Write back each entry precisely as it is given.

___ Dataset records

(* Let $N\in\mathbb{C}^{m\times n}$ have rank $r$ and singular value decomposition $N=U\begin{pmatrix}\Sigma & 0\\ 0 & 0\end{pmatrix}V^{\ast}$, where $\Sigma\in\mathbb{C}^{r\times r}$ is diagonal with positive diagonal entries and $U\in\mathbb{C}^{m\times m}$, $V\in\mathbb{C}^{n\times n}$ are unitary. Let $Y\in\mathbb{C}^{n\times n}$ be arbitrary. Suppose that one of the following conditions holds: (C1') $YN^{\ast}N$ is normal; (C2') there exist $0\neq c_{1}'\in\mathbb{C}$ and $k_{1}'\in\mathbb{N}^{+}$ such that $(YN^{\ast}N)^{k_{1}'}=c_{1}'N^{\dagger}N$; (C3') there exist $0\neq c_{2}'\in\mathbb{C}$, $\ell'\in\mathbb{N}^{+}$ and $k_{2}'\in\mathbb{N}^{+}$ such that $(YN^{\ast}N)^{k_{2}'}=c_{2}'(N^{\ast}N)^{\ell'}$; (C4') $F_{N}Y$ is normal; (C5') there exist $0\neq c_{3}'\in\mathbb{C}$ and $k_{3}'\in\mathbb{N}^{+}$ such that $(F_{N}Y)^{k_{3}'}=c_{3}'F_{N}$; (C6') $F_{N}YN^{\dagger}N=0$; (C7') there exists $k_{4}'\in\mathbb{N}^{+}$ such that $F_{N}Y(N^{\ast}N)^{k_{4}'}=0$. Then $Y=V\begin{pmatrix}Y_{1} & Y_{3}\\ 0 & Y_{4}\end{pmatrix}V^{\ast}$ for some $Y_{1}\in\mathbb{C}^{r\times r}$, $Y_{3}\in\mathbb{C}^{r\times(n-r)}$, $Y_{4}\in\mathbb{C}^{(n-r)\times(n-r)}$.
   Context: $\mathbb{N}^{+}$ is the set of positive integers. For a complex matrix $A$, $A^{\ast}$ is its conjugate transpose, $A^{\dagger}$ its Moore--Penrose inverse, and $F_{A}:=I-A^{\dagger}A$. A square matrix $B$ is normal if $BB^{\ast}=B^{\ast}B$. *)

theory Defs
  imports "Jordan_Normal_Form.Schur_Decomposition" "Jordan_Normal_Form.DL_Rank"
begin

definition unitary_mat :: "complex mat \<Rightarrow> nat \<Rightarrow> bool" where
  "unitary_mat U k \<longleftrightarrow> U \<in> carrier_mat k k \<and>
     mat_adjoint U * U = 1\<^sub>m k \<and> U * mat_adjoint U = 1\<^sub>m k"

definition normal_mat :: "complex mat \<Rightarrow> bool" where
  "normal_mat B \<longleftrightarrow> B * mat_adjoint B = mat_adjoint B * B"

definition penrose :: "complex mat \<Rightarrow> complex mat \<Rightarrow> bool" where
  "penrose A X \<longleftrightarrow> X \<in> carrier_mat (dim_col A) (dim_row A) \<and>
     A * X * A = A \<and> X * A * X = X \<and>
     mat_adjoint (A * X) = A * X \<and> mat_adjoint (X * A) = X * A"

text \<open>The Moore--Penrose inverse (exists and is unique).\<close>
definition mp_inv :: "complex mat \<Rightarrow> complex mat" where
  "mp_inv A = (THE X. penrose A X)"

definition F_mat :: "complex mat \<Rightarrow> complex mat" where
  "F_mat A = 1\<^sub>m (dim_col A) - mp_inv A * A"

______

Response box
(* Let $N\in\mathbb{C}^{m\times n}$ have rank $r$ and singular value decomposition $N=U\begin{pmatrix}\Sigma & 0\\ 0 & 0\end{pmatrix}V^{\ast}$, where $\Sigma\in\mathbb{C}^{r\times r}$ is diagonal with positive diagonal entries and $U\in\mathbb{C}^{m\times m}$, $V\in\mathbb{C}^{n\times n}$ are unitary. Let $Y\in\mathbb{C}^{n\times n}$ be arbitrary. Suppose that one of the following conditions holds: (C1') $YN^{\ast}N$ is normal; (C2') there exist $0\neq c_{1}'\in\mathbb{C}$ and $k_{1}'\in\mathbb{N}^{+}$ such that $(YN^{\ast}N)^{k_{1}'}=c_{1}'N^{\dagger}N$; (C3') there exist $0\neq c_{2}'\in\mathbb{C}$, $\ell'\in\mathbb{N}^{+}$ and $k_{2}'\in\mathbb{N}^{+}$ such that $(YN^{\ast}N)^{k_{2}'}=c_{2}'(N^{\ast}N)^{\ell'}$; (C4') $F_{N}Y$ is normal; (C5') there exist $0\neq c_{3}'\in\mathbb{C}$ and $k_{3}'\in\mathbb{N}^{+}$ such that $(F_{N}Y)^{k_{3}'}=c_{3}'F_{N}$; (C6') $F_{N}YN^{\dagger}N=0$; (C7') there exists $k_{4}'\in\mathbb{N}^{+}$ such that $F_{N}Y(N^{\ast}N)^{k_{4}'}=0$. Then $Y=V\begin{pmatrix}Y_{1} & Y_{3}\\ 0 & Y_{4}\end{pmatrix}V^{\ast}$ for some $Y_{1}\in\mathbb{C}^{r\times r}$, $Y_{3}\in\mathbb{C}^{r\times(n-r)}$, $Y_{4}\in\mathbb{C}^{(n-r)\times(n-r)}$.
   Context: $\mathbb{N}^{+}$ is the set of positive integers. For a complex matrix $A$, $A^{\ast}$ is its conjugate transpose, $A^{\dagger}$ its Moore--Penrose inverse, and $F_{A}:=I-A^{\dagger}A$. A square matrix $B$ is normal if $BB^{\ast}=B^{\ast}B$. *)

theory Defs
  imports "Jordan_Normal_Form.Schur_Decomposition" "Jordan_Normal_Form.DL_Rank"
begin

definition unitary_mat :: "complex mat \<Rightarrow> nat \<Rightarrow> bool" where
  "unitary_mat U k \<longleftrightarrow> U \<in> carrier_mat k k \<and>
     mat_adjoint U * U = 1\<^sub>m k \<and> U * mat_adjoint U = 1\<^sub>m k"

definition normal_mat :: "complex mat \<Rightarrow> bool" where
  "normal_mat B \<longleftrightarrow> B * mat_adjoint B = mat_adjoint B * B"

definition penrose :: "complex mat \<Rightarrow> complex mat \<Rightarrow> bool" where
  "penrose A X \<longleftrightarrow> X \<in> carrier_mat (dim_col A) (dim_row A) \<and>
     A * X * A = A \<and> X * A * X = X \<and>
     mat_adjoint (A * X) = A * X \<and> mat_adjoint (X * A) = X * A"

text \<open>The Moore--Penrose inverse (exists and is unique).\<close>
definition mp_inv :: "complex mat \<Rightarrow> complex mat" where
  "mp_inv A = (THE X. penrose A X)"

definition F_mat :: "complex mat \<Rightarrow> complex mat" where
  "F_mat A = 1\<^sub>m (dim_col A) - mp_inv A * A"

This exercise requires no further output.